Exercise brief - Within the material below, how many lines carry the word "intro"? Answer with a single number.

____________________

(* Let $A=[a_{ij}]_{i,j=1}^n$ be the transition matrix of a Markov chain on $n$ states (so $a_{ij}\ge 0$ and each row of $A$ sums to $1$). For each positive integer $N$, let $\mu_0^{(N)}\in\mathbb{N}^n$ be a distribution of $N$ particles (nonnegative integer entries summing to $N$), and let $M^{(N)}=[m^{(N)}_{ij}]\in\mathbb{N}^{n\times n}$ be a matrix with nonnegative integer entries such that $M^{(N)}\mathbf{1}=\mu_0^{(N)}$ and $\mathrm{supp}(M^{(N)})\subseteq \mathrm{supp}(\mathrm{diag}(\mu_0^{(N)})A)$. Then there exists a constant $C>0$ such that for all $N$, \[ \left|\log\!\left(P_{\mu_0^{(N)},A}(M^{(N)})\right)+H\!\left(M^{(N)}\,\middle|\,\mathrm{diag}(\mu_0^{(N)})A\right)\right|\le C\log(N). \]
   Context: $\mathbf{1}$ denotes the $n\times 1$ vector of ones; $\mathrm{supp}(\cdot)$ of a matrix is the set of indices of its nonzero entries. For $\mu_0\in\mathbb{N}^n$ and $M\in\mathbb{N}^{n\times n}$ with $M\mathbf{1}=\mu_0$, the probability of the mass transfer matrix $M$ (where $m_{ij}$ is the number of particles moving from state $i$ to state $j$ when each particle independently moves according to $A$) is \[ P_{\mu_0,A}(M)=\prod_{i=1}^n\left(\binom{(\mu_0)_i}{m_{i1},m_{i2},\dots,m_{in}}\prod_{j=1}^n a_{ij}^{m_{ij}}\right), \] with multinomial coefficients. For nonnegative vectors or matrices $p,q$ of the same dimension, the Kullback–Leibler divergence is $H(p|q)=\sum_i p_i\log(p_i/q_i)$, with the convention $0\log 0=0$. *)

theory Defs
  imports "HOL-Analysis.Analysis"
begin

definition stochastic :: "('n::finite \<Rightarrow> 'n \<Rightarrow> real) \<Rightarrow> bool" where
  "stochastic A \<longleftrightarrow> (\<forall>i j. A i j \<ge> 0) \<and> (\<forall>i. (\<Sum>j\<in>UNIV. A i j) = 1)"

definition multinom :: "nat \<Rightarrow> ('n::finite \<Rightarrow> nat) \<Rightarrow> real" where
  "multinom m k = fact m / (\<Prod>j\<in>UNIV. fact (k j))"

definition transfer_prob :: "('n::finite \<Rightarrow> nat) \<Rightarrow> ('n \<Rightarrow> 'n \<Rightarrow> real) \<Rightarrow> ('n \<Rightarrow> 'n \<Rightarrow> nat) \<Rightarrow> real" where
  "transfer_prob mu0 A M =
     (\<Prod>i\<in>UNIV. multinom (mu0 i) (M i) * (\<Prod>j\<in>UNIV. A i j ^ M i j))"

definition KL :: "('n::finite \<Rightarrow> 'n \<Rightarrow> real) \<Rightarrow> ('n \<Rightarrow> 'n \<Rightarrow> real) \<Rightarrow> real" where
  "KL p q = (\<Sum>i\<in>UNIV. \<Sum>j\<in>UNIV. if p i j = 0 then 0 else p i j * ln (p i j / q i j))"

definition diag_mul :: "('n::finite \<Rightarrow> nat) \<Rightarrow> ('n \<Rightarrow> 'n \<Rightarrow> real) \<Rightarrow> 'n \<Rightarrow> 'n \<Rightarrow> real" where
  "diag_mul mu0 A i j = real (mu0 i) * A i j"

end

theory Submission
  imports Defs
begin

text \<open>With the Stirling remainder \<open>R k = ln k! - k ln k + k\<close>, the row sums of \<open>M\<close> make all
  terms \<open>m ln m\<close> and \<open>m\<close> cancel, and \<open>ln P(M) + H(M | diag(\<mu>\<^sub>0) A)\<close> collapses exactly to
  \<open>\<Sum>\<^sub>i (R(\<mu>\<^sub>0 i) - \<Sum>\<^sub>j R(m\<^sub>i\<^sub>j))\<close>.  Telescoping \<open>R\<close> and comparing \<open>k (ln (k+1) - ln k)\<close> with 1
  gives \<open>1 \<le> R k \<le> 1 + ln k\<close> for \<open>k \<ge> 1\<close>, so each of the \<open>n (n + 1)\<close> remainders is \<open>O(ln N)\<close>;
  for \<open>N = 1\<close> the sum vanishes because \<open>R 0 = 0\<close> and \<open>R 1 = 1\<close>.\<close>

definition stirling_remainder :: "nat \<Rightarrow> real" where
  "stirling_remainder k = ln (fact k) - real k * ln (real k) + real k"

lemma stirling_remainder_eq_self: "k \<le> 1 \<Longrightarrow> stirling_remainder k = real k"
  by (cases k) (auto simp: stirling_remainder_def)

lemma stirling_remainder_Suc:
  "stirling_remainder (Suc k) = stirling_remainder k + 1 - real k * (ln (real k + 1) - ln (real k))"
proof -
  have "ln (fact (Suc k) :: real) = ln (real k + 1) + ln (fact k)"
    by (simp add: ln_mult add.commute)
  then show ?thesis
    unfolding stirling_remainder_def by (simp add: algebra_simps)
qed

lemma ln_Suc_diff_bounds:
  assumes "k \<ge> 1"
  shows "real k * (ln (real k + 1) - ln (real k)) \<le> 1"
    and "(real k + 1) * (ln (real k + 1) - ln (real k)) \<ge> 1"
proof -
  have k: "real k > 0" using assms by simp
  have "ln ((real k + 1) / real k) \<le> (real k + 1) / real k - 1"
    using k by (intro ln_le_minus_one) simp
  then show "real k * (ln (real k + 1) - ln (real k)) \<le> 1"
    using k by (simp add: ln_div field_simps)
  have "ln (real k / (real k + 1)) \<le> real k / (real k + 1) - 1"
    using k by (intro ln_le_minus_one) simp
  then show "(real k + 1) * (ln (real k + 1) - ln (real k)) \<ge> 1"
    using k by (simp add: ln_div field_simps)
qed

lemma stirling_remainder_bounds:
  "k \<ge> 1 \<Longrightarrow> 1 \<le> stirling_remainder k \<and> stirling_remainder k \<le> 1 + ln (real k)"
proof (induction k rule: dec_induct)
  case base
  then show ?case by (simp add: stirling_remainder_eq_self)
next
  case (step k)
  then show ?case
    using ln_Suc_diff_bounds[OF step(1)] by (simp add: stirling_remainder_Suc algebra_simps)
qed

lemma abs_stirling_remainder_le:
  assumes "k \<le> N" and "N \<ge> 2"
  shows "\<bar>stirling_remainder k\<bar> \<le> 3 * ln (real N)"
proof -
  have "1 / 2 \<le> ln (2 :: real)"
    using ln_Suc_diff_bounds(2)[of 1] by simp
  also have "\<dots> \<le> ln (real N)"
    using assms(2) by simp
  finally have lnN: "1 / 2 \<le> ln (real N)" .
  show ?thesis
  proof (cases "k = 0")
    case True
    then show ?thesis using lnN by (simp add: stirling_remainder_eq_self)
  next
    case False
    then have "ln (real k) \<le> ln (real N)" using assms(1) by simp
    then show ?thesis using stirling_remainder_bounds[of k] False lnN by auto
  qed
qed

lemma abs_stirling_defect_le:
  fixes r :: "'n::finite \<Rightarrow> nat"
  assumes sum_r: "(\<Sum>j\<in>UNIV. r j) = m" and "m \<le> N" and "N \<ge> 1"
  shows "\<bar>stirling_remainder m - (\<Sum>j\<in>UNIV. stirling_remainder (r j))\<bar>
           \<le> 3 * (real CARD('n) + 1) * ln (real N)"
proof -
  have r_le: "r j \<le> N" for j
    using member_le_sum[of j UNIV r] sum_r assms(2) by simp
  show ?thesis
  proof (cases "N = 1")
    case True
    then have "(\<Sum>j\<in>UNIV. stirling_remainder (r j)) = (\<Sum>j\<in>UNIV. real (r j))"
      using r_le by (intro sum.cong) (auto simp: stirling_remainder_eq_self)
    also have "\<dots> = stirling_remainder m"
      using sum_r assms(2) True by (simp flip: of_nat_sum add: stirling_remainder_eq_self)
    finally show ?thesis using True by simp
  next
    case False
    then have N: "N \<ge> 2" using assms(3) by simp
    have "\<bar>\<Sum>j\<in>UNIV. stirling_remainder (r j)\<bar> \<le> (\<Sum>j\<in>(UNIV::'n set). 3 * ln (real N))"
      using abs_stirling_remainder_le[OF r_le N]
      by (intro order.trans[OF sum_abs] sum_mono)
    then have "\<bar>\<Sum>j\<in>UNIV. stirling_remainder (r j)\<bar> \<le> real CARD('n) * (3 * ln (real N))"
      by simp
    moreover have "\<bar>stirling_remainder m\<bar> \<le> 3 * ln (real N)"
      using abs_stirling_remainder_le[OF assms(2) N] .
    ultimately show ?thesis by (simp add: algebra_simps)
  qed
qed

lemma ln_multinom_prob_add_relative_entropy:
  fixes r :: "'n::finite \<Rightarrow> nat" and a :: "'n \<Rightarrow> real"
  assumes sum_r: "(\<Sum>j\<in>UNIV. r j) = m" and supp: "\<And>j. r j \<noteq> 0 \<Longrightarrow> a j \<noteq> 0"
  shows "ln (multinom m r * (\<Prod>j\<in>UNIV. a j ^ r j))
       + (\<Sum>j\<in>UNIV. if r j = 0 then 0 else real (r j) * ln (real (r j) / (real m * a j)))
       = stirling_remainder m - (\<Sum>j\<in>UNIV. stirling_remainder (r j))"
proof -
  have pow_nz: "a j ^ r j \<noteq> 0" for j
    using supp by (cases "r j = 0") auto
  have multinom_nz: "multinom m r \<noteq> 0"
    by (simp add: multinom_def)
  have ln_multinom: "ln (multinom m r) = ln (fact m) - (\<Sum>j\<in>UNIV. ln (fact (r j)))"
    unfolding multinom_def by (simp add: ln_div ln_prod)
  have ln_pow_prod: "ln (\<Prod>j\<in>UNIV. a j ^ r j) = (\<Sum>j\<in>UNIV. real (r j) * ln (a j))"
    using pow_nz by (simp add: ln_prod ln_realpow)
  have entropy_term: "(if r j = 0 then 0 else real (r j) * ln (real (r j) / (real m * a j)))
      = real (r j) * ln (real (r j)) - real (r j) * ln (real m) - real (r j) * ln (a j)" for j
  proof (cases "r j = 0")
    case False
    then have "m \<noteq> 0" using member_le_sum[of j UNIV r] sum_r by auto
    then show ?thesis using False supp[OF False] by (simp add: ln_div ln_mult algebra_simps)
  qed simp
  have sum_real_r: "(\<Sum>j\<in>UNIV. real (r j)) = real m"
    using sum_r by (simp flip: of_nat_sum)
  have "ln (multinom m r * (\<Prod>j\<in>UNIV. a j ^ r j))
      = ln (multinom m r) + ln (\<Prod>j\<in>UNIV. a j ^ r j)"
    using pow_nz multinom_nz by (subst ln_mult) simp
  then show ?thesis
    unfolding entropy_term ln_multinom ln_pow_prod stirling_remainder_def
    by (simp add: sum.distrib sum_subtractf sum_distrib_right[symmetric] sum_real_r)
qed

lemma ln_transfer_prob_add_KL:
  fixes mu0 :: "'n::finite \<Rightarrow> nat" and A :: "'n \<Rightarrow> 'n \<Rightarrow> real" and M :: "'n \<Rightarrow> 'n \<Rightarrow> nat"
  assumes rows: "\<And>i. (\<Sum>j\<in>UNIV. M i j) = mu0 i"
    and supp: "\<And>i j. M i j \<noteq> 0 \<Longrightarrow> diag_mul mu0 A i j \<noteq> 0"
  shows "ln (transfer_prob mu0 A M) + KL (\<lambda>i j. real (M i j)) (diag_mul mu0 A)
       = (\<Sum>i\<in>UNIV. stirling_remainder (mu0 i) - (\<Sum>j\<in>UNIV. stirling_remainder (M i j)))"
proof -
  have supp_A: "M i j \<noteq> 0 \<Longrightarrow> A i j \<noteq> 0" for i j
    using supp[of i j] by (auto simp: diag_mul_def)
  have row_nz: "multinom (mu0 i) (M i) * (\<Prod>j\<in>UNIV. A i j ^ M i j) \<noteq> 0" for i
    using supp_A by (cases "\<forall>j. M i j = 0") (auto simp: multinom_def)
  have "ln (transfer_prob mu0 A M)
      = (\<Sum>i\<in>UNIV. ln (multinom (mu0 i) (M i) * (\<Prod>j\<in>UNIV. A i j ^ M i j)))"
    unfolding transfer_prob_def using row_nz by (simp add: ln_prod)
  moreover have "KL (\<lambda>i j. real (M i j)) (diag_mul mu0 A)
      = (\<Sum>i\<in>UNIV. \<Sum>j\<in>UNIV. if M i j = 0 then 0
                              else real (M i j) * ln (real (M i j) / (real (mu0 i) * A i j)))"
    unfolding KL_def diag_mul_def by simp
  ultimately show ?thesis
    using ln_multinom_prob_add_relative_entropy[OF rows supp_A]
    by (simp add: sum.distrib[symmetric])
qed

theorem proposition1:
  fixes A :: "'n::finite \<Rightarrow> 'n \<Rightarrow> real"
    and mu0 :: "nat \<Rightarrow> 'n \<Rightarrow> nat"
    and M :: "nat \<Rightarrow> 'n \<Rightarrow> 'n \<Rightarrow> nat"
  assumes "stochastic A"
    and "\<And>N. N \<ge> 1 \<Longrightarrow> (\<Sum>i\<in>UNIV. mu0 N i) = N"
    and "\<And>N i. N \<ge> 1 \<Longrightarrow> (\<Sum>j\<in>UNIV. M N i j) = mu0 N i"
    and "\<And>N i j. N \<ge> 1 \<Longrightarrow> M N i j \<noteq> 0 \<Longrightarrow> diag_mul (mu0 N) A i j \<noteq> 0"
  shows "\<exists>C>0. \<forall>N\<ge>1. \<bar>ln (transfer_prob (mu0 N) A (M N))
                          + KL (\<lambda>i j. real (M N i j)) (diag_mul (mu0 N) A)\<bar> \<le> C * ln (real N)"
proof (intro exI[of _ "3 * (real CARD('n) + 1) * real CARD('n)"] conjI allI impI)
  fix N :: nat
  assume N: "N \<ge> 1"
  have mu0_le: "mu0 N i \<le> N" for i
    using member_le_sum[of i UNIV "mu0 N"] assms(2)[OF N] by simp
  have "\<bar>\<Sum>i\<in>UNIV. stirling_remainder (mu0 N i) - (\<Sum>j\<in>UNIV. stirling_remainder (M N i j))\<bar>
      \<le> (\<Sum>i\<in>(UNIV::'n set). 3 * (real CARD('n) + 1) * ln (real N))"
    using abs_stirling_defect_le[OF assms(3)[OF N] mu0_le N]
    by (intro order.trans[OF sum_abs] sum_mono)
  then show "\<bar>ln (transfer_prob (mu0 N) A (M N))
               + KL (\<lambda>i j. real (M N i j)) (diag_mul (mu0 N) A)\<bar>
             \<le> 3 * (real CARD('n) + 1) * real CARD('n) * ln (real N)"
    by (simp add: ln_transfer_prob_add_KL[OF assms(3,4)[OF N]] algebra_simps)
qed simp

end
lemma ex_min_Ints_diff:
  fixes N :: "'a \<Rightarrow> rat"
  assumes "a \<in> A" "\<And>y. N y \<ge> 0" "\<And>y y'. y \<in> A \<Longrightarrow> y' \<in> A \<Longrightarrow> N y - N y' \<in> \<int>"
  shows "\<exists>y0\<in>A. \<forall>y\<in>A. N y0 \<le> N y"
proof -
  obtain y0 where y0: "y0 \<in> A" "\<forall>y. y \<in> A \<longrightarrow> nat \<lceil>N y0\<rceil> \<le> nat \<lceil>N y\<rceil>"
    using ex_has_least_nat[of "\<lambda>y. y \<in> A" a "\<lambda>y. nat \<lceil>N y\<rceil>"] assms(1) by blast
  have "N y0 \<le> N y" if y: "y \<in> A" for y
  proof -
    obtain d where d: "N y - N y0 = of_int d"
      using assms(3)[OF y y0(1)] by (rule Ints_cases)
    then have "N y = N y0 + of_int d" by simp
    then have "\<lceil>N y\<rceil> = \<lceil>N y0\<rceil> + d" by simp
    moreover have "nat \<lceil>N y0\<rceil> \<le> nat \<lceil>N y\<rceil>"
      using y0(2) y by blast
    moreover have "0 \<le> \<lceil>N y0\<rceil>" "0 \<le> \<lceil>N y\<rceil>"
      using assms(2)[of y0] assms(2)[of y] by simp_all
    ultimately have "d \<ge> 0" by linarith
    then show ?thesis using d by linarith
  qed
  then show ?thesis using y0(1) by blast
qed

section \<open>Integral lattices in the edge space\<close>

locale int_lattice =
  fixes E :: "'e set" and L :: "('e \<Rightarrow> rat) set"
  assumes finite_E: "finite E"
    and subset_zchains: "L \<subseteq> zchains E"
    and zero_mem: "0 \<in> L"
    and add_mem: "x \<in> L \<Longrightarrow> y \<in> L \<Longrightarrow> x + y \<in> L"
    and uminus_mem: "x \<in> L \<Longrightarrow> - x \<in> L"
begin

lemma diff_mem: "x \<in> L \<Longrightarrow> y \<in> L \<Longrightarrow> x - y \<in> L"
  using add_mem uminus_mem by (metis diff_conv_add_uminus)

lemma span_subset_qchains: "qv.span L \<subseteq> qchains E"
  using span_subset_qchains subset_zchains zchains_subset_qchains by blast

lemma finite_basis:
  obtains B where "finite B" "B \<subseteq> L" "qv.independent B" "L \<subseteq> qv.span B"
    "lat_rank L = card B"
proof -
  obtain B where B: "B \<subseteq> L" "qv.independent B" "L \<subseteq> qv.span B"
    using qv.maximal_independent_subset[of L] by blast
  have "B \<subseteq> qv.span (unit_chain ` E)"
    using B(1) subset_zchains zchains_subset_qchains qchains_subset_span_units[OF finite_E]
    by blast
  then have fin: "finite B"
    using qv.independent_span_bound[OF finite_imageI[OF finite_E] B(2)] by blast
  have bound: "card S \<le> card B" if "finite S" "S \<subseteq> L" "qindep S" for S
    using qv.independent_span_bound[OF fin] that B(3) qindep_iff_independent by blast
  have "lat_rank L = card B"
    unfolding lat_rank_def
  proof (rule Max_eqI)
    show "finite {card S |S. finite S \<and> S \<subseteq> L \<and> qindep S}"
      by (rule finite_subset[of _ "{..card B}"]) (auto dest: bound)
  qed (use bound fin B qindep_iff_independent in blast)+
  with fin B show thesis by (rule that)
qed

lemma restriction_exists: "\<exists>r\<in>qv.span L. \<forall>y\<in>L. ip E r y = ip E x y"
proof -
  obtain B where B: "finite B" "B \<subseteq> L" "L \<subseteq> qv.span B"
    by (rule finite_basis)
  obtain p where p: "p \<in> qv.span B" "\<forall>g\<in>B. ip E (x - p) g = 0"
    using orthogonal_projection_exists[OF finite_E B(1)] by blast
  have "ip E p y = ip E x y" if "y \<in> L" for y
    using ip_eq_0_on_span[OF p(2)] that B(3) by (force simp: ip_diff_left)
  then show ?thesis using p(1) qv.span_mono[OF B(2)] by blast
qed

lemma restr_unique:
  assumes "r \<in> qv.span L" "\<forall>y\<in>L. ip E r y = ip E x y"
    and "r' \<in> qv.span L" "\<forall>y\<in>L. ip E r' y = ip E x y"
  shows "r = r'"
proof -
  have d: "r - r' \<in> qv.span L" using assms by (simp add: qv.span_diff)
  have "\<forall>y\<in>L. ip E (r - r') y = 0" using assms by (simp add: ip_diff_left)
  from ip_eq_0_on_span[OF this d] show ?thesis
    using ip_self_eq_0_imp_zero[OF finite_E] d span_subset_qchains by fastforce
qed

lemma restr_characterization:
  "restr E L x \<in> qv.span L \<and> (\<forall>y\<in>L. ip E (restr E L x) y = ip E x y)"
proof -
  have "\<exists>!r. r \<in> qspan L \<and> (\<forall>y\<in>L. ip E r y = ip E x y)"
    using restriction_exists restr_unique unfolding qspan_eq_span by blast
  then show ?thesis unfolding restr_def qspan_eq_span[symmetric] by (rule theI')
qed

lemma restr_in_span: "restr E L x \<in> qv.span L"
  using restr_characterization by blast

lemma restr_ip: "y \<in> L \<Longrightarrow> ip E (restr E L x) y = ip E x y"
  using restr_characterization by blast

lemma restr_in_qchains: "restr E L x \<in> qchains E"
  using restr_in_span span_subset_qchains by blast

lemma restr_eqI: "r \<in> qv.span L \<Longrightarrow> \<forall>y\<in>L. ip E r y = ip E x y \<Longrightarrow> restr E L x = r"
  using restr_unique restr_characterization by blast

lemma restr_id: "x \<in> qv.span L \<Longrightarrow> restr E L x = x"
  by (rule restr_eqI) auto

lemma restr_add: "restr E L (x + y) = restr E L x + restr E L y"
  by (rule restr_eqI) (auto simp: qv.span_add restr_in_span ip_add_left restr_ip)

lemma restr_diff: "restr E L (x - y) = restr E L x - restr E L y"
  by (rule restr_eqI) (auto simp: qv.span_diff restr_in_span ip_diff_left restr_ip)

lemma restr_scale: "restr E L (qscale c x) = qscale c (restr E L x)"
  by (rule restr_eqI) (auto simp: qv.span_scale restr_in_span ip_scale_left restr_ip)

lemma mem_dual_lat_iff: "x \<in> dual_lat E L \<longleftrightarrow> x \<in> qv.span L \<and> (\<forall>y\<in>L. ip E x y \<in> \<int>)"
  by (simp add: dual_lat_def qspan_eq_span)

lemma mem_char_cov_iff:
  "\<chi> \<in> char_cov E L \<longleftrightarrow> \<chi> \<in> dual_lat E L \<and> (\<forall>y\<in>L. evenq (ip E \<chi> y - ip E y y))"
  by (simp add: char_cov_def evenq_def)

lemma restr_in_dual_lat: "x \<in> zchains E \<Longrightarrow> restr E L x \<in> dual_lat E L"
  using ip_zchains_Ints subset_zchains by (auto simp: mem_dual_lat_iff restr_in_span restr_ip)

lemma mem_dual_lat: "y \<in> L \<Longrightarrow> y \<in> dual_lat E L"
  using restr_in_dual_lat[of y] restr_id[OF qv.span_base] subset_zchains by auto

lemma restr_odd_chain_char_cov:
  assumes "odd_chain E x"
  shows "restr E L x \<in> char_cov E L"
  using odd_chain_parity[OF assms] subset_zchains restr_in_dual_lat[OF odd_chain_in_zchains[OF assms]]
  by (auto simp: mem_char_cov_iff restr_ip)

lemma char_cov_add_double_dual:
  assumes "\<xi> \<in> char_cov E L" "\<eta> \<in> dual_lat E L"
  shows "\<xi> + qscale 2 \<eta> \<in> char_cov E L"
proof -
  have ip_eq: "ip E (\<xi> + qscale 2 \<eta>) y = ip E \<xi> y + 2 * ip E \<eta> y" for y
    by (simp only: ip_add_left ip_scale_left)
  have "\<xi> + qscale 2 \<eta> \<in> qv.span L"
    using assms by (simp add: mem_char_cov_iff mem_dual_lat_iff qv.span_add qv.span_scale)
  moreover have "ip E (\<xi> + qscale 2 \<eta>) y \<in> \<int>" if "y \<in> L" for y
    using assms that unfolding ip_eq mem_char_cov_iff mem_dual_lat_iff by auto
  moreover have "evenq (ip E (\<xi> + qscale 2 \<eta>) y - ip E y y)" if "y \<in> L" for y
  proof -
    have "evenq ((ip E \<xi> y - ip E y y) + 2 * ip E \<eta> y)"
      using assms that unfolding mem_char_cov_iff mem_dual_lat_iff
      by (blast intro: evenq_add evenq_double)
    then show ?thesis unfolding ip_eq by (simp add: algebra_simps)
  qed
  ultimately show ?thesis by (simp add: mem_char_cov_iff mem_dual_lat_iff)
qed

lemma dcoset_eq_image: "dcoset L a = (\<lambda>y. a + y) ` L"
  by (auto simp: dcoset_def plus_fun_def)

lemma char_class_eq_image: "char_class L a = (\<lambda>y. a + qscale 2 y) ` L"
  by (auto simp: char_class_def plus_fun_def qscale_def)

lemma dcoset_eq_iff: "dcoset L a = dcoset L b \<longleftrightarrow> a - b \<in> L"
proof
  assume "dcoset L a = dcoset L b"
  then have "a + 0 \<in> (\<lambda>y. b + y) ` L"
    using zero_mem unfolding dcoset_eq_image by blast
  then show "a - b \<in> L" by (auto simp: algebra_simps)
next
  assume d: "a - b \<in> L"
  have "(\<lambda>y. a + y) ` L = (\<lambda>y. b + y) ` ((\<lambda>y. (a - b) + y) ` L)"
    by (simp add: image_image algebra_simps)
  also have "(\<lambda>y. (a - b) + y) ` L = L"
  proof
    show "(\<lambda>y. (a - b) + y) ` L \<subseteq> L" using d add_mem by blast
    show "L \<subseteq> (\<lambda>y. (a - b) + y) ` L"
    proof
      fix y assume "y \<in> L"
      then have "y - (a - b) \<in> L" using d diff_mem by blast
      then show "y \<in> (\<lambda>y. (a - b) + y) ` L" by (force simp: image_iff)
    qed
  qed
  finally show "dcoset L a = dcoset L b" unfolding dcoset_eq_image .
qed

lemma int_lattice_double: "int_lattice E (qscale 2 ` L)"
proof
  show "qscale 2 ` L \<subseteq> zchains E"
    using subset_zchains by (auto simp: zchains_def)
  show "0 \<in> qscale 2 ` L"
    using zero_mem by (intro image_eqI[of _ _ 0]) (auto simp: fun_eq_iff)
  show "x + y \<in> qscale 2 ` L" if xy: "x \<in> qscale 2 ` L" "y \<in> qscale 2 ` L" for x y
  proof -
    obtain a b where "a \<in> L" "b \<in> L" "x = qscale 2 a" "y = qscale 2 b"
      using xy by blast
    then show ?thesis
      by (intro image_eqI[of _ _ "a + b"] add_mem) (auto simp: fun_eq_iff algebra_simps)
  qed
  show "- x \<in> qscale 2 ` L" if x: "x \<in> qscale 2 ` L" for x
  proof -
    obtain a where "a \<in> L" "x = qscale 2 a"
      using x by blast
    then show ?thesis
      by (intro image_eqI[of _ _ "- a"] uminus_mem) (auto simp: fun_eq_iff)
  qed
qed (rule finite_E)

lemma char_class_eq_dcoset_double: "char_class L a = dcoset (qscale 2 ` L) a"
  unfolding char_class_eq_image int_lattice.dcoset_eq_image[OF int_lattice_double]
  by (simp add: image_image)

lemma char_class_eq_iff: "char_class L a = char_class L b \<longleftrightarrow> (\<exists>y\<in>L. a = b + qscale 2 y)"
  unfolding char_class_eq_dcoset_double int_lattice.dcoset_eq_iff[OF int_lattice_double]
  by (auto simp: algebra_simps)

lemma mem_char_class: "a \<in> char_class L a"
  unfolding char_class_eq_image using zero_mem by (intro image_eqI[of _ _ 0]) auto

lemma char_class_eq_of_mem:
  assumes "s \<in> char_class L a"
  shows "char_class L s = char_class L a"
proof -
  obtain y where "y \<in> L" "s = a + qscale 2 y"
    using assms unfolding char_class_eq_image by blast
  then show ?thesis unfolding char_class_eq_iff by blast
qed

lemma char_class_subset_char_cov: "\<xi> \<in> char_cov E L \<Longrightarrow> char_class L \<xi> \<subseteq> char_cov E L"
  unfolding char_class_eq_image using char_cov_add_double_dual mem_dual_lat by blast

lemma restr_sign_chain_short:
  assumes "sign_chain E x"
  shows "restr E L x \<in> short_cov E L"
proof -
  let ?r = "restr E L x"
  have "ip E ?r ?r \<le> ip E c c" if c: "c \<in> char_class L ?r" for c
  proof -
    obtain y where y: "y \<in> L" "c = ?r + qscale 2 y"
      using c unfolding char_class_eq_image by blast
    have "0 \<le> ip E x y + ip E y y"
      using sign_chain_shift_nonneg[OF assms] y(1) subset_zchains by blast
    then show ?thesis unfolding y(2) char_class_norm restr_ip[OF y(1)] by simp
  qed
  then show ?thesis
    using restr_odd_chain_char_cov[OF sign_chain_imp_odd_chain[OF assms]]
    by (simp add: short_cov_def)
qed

____________________

Response area - 11